The area per sex and wound type sums to 1.0. Bars corresponding to less than 15 patients have been changed to 0 due to privacy considerations.

https://doi.org/10.1371/journal.pone.0339260.g002

Venous leg ulcers (VLUs) are more prevalent among women in both datasets. Gethin et al. (2021) [10] noted that VLUs are more common in women than in men. However the ratio in their study was 1.2:1 while the data from RHIP shows a ratio of 1.4:1 and Wound Monitor 1.7:1. In both datasets, the tilt towards a higher proportion of females in VLUs increases with age up until at least 80-85 year olds.

Arterial leg ulcers (ALUs) are evenly distributed across the sexes in the RHIP dataset, with a slightly lower maximum frequency for men. However, ALUs are more common in women in the wound monitor dataset, the ratio being 1.4:1. No comparison of male to female ratio for arterial leg ulcers was found in the literature.

Pressure ulcers are also evenly distributed across the sexes in the RHIP dataset. In the Wound Monitor dataset, the ratio of women to men is 1.3:1. In a risk-profile of Pressure Ulcers, Gaspar et al. [11] analyzed a population of 2996 patients where the ratio of women to men was 1.4:1.

Diabetic wounds are more common among men in both datasets. Engberg et al. (2019) [12] studied a cohort of 780 patients with diabetic foot ulcers where the ratio of men to women was 2.2:1. Shah et al. 2021 [13] did a demographic profile of a cohort of 75 patients with diabetic foot ulcers where the ratio of men to women was 3.4:1. The RHIP Wound Cohort has a ratio of men to women of 2.5:1. In the RHIP Wound Cohort, the ratio of men to women in the number of patients with diabetes is 1.4:1. The disproportionate amount of men with diabetes is less significant than in Diabetic Foot Ulcers. This may indicate that men are both more likely to develop diabetes and to develop Diabetic wounds once they have developed diabetes. The Wound Monitor Cohort has a ratio of men to women of 1.4:1.

Oncological wounds are more common in women in the Wound monitor dataset, the ratio being 2.1:1. Surigcal wounds are slightly more common among men in both datasets, with the ratio being 1.1:1 in the Wound monitor dataset. Infected wounds and traumatic wounds are both more common among women in the wound monitor dataset, with the ratios being 1.2:1 and 1.7:1 respectively.

Diabetic wounds, leg ulcers, pressure ulcers and traumatic wounds most commonly occur somewhere between age 70 and 90. This maximum frequency varies between men and women. Among these wound types, diabetic foot ulcers peak the earliest, around age 70-85. The other types peak over the age of 80. SBU (2014 s.41) [3] noted that diabetic foot ulcer patients are younger than the rest of the chronic wound-population.

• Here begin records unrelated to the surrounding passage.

lemma same_block_middle_index:
  assumes ij: "same_block R C a d' i j" "j < C"
    and "a dvd a'" "a' dvd K" "a' dvd C" "d dvd K div a'" "d' dvd d" "0 < d" "0 < K"
  obtains t where "t < K" "same_block R K a d i t" "same_block K C a' d' t j"
proof -
  define s where "s = K div a'"
  (* t keeps the I_d-coordinate of i and the I_a'-block of j. *)
  define t where "t = j div (C div a') * s + i mod d"
  have "0 < a'"
    using assms(2,5) by (cases "a' = 0") auto
  have K: "K = a' * s" and "0 < s"
    using assms(4,9) by (auto simp: s_def)
  have "i mod d < s"
    using dvd_imp_le[OF assms(6)] \<open>0 < s\<close> mod_less_divisor[OF assms(8), of i] by (simp add: s_def)
  then have t_div: "t div s = j div (C div a')"
    by (simp add: t_def)
  have t_mod: "t mod d = i mod d"
    using assms(6) by (simp add: t_def s_def mod_add_left_eq[symmetric] dvd_imp_mod_0)
  have C: "C = C div a' * a'"
    using assms(5) by simp
  with ij(2) have "0 < C div a'"
    by (cases "C div a' = 0") auto
  with ij(2) C have "j div (C div a') < a'"
    by (metis div_less_iff_less_mult mult.commute)
  have "t < Suc (j div (C div a')) * s"
    using \<open>i mod d < s\<close> by (simp add: t_def)
  also have "\<dots> \<le> K"
    using \<open>j div (C div a') < a'\<close> K by (metis Suc_leI mult_le_mono1)
  finally have "t < K" .
  moreover have "same_block K C a' d' t j"
    using ij(1) assms(7) t_div t_mod by (metis same_block_def s_def mod_mod_cancel)
  moreover have "same_block R K a d i t"
  proof -
    have "i div (R div a) = j div (C div a') div (a' div a)"
      using ij(1) div_through_dvd[OF assms(3,5)] by (simp add: same_block_def div_mult2_eq)
    also have "\<dots> = t div (K div a)"
      using t_div div_through_dvd[OF assms(3,4)] by (simp add: s_def div_mult2_eq)
    finally show ?thesis
      using t_mod by (simp add: same_block_def)
  qed
  ultimately show ?thesis
    using that by blast
qed

definition block_supported :: "nat \<Rightarrow> nat \<Rightarrow> 'a::zero mat \<Rightarrow> bool" where
  "block_supported a d M \<longleftrightarrow> a dvd dim_row M \<and> a dvd dim_col M \<and>
     (\<forall>i < dim_row M. \<forall>j < dim_col M.
        M $$ (i, j) \<noteq> 0 \<longrightarrow> same_block (dim_row M) (dim_col M) a d i j)"

definition block_positive :: "nat \<Rightarrow> nat \<Rightarrow> 'a::linordered_idom mat \<Rightarrow> bool" where
  "block_positive a d M \<longleftrightarrow> a dvd dim_row M \<and> a dvd dim_col M \<and>
     (\<forall>i < dim_row M. \<forall>j < dim_col M.
        0 \<le> M $$ (i, j) \<and> (same_block (dim_row M) (dim_col M) a d i j \<longrightarrow> 0 < M $$ (i, j)))"

lemma index_mult_mat_sum:
  assumes "dim_col A = dim_row B" "i < dim_row A" "j < dim_col B"
  shows "(A * B) $$ (i, j) = (\<Sum>t<dim_row B. A $$ (i, t) * B $$ (t, j))"
  using assms by (simp add: scalar_prod_def atLeast0LessThan)

lemma index_mult_mat_nonzeroE:
  assumes "(A * B) $$ (i, j) \<noteq> 0" "dim_col A = dim_row B" "i < dim_row A" "j < dim_col B"
  obtains t where "t < dim_row B" "A $$ (i, t) \<noteq> 0" "B $$ (t, j) \<noteq> 0"
proof -
  have "(\<Sum>t<dim_row B. A $$ (i, t) * B $$ (t, j)) \<noteq> 0"
    using assms(1) unfolding index_mult_mat_sum[OF assms(2-4)] .
  then obtain t where "t < dim_row B" "A $$ (i, t) * B $$ (t, j) \<noteq> 0"
    using sum.not_neutral_contains_not_neutral by blast
  then show ?thesis
    by (intro that) auto
qed

lemma block_supported_mult:
  fixes X Y :: "'a::semiring_0 mat"
  assumes X: "block_supported a d X" and Y: "block_supported a' d' Y"
    and dim: "dim_col X = dim_row Y" and "a dvd a'" "d' dvd d"
  shows "block_supported a d' (X * Y)"
proof -
  have "a dvd dim_col Y"
    using Y \<open>a dvd a'\<close> by (meson block_supported_def dvd_trans)
  moreover have "same_block (dim_row X) (dim_col Y) a d' i j"
    if ij: "i < dim_row X" "j < dim_col Y" "(X * Y) $$ (i, j) \<noteq> 0" for i j
  proof -
    obtain t where t: "t < dim_row Y" "X $$ (i, t) \<noteq> 0" "Y $$ (t, j) \<noteq> 0"
      using index_mult_mat_nonzeroE[OF ij(3) dim ij(1,2)] .
    have "same_block (dim_row X) (dim_row Y) a d i t"
      using X dim ij t by (simp add: block_supported_def)
    moreover have "same_block (dim_row Y) (dim_col Y) a' d' t j"
      using Y ij t by (simp add: block_supported_def)
    ultimately show ?thesis
      using Y assms(4,5) same_block_trans by (metis block_supported_def)
  qed
  ultimately show ?thesis
    using X by (simp add: block_supported_def)
qed

lemma block_positive_mult:
  fixes X Y :: "'a::linordered_idom mat"
  assumes X: "block_positive a d X" and Y: "block_positive a' d' Y"
    and dim: "dim_col X = dim_row Y" and "a dvd a'" "d dvd dim_row Y div a'" "d' dvd d"
    and "0 < d" "0 < dim_row Y"
  shows "block_positive a d' (X * Y)"
proof -
  have terms_nonneg: "0 \<le> X $$ (i, t) * Y $$ (t, j)"
    if "i < dim_row X" "t < dim_row Y" "j < dim_col Y" for i t j
    using X Y dim that by (simp add: block_positive_def)
  have "a dvd dim_col Y"
    using Y \<open>a dvd a'\<close> by (meson block_positive_def dvd_trans)
  moreover have "0 \<le> (X * Y) $$ (i, j)" if "i < dim_row X" "j < dim_col Y" for i j
    unfolding index_mult_mat_sum[OF dim that] using that by (auto intro!: sum_nonneg terms_nonneg)
  moreover have "0 < (X * Y) $$ (i, j)"
    if ij: "i < dim_row X" "j < dim_col Y" "same_block (dim_row X) (dim_col Y) a d' i j" for i j
  proof -
    obtain t where t: "t < dim_row Y" "same_block (dim_row X) (dim_row Y) a d i t"
        "same_block (dim_row Y) (dim_col Y) a' d' t j"
      using same_block_middle_index[OF ij(3,2) assms(4)] Y assms(5-8)
      by (metis block_positive_def)
    have "0 < X $$ (i, t) * Y $$ (t, j)"
      using X Y dim ij t by (simp add: block_positive_def)
    also have "\<dots> \<le> (\<Sum>t<dim_row Y. X $$ (i, t) * Y $$ (t, j))"
      using t(1) ij terms_nonneg by (intro member_le_sum) auto
    finally show ?thesis
      unfolding index_mult_mat_sum[OF dim ij(1,2)] .
  qed
  ultimately show ?thesis
    using X by (simp add: block_positive_def)
qed

lemma block_supported_all_nonzero:
  assumes "all_nonzero M" "block_supported a d M" "0 < dim_row M" "2 \<le> dim_col M"
  shows "a = 1 \<and> d = 1"
proof -
  let ?R = "dim_row M" and ?C = "dim_col M"
  have supp: "same_block ?R ?C a d i j" if "i < ?R" "j < ?C" for i j
    using assms(1,2) that by (simp add: all_nonzero_def block_supported_def)
  have "a dvd ?C"
    using assms(2) by (simp add: block_supported_def)
  then have "0 < a"
    using assms(4) by (cases "a = 0") auto
  have "a \<le> ?C"
    using \<open>a dvd ?C\<close> assms(4) by (simp add: dvd_imp_le)
  have "a = 1"
  proof (rule ccontr)
    assume "a \<noteq> 1"
    with \<open>0 < a\<close> have "?C div a < ?C" "0 < ?C div a"
      using assms(4) \<open>a \<le> ?C\<close> by (simp_all add: div_less_dividend div_greater_zero_iff)
    then show False
      using supp[OF assms(3), of "?C div a"] by (simp add: same_block_def)
  qed
  moreover have "d = 1"
    using supp[OF assms(3), of 1] assms(4) by (simp add: same_block_def)
  ultimately show ?thesis ..
qed

lemma block_positive_all_nonzero: "block_positive 1 1 M \<Longrightarrow> all_nonzero M"
  by (fastforce simp: block_positive_def all_nonzero_def same_block_def)

section \<open>Products of factors along chainable architectures\<close>

definition pat_rows :: "pattern \<Rightarrow> nat" where "pat_rows \<pi> = pa \<pi> * pb \<pi> * pd \<pi>"

definition pat_cols :: "pattern \<Rightarrow> nat" where "pat_cols \<pi> = pa \<pi> * pc \<pi> * pd \<pi>"

lemma S_pat_entry:
  assumes "pattern_ok \<pi>" "i < pat_rows \<pi>" "j < pat_cols \<pi>"
  shows "S_pat \<pi> $$ (i, j) =
    (if same_block (pat_rows \<pi>) (pat_cols \<pi>) (pa \<pi>) (pd \<pi>) i j then 1 else 0)"
proof -
  obtain a b c d where \<pi>: "\<pi> = (a, b, c, d)" by (cases \<pi>) auto
  have comps: "pa \<pi> = a" "pb \<pi> = b" "pc \<pi> = c" "pd \<pi> = d"
    by (simp_all add: \<pi> pa_def pb_def pc_def pd_def)
  have pos: "0 < a" "0 < b" "0 < c" "0 < d"
    using assms(1) by (simp_all add: pattern_ok_def comps)
  have i: "i < a * b * d" and j: "j < a * c * d"
    using assms(2,3) by (simp_all add: pat_rows_def pat_cols_def comps)
  have "i div d div b < a" "j div d div c < a"
    using i j pos by (simp_all add: div_less_iff_less_mult ac_simps)
  then have "S_pat \<pi> $$ (i, j) = (if i div d div b = j div d div c \<and> i mod d = j mod d then 1 else 0)"
    using i j pos by (simp add: S_pat_def kron_def ones_mat_def comps ac_simps div_less_iff_less_mult)
  also have "\<dots> = (if same_block (a * b * d) (a * c * d) a d i j then 1 else 0)"
    using pos by (simp add: same_block_def div_mult2_eq[of _ d] mult.commute[of _ d] mult.assoc)
  finally show ?thesis by (simp add: pat_rows_def pat_cols_def comps)
qed

lemma is_factor_S_pat: "is_factor \<pi> (S_pat \<pi>)"
  by (simp add: is_factor_def S_pat_def kron_def ones_mat_def ac_simps)

lemma factor_block_supported:
  assumes "pattern_ok \<pi>" "is_factor \<pi> X"
  shows "block_supported (pa \<pi>) (pd \<pi>) X"
proof -
  have X: "X \<in> carrier_mat (pat_rows \<pi>) (pat_cols \<pi>)"
    using assms(2) by (simp add: is_factor_def pat_rows_def pat_cols_def)
  have "same_block (pat_rows \<pi>) (pat_cols \<pi>) (pa \<pi>) (pd \<pi>) i j"
    if ij: "i < pat_rows \<pi>" "j < pat_cols \<pi>" "X $$ (i, j) \<noteq> 0" for i j
  proof -
    have "S_pat \<pi> $$ (i, j) \<noteq> 0"
      using assms(2) ij by (auto simp: is_factor_def pat_rows_def pat_cols_def)
    then show ?thesis
      using S_pat_entry[OF assms(1) ij(1,2)] by argo
  qed
  with X show ?thesis
    by (simp add: block_supported_def pat_rows_def pat_cols_def)
qed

On average, men have their first wound documented at age 68.0 and 67.2 in Wound Monitor and RHIP respectively. For women, the corresponding averages are 74.7 and 64.6.

Database structure and description

The following subsection outlines the structure and content of the databases.

Content, quality, quantity and granularity.

In both databases, each data subtype (e.g. diagnosis, procedures, medication) is stored in a relational table where patient ID is matched to a date and a coded event. As an example, for the diagnosis table, each row contains a patient ID, a date and the associated ICD-10 code. The combination of all the relational tables enables patient journey analysis.

In Table 2, the subtypes of patient journey data is presented for each database respectively. The coverage, defined as the proportion of patients with at least one event described in this data subtype, is also presented. Lastly, it shows the number of events per patient across the data subtypes.

The coverage is close to 100% in the RHIP database. This is a consequence of the RHIP data being populated directly from the healthcare organization’s documentation systems. The patient level data can therefore be assumed to contain all data that is digitally documented through the official systems in these organizations. Diagnoses, Medications and Procedures does not come directly from the health care system in the Wound Monitor Database. Instead, it is acquired through a combination of registries, referrals and patient dialogue. Therefore, this data is not complete as can be observed in Table 2. In both datasets, diagnoses are described with ICD-10 codes, Medications are described with ATC-codes. For the RHIP database, procedures are described with KKÅ codes. The procedures in Wound Monitor are not described with a coding system but just a description of the procedure in plain text. However, these descriptions have a common pattern, enabling structured analysis.

The vital signs data in both databases ranges from bedside measurements such as glucose concentration and physical measurements such as pulse or height. The vital signs data in the Wound Monitor Cohort has a predefined small set of measurements that are performed on most patients. There is a large variation of how many of these variables are documented. Both the vital signs and the laboratory data in the RHIP wound cohort are sparse. Additionally they are unstructured from a data analysis perspective. Rather than having a predefined set of variables, a measurement is performed due to a doctor considering it to be relevant to a diagnosis or a suspected diagnosis. Given that much of the diagnosis data is excluded from the original data source based on the ethical application this is difficult to analyze in relationship to diagnosis data.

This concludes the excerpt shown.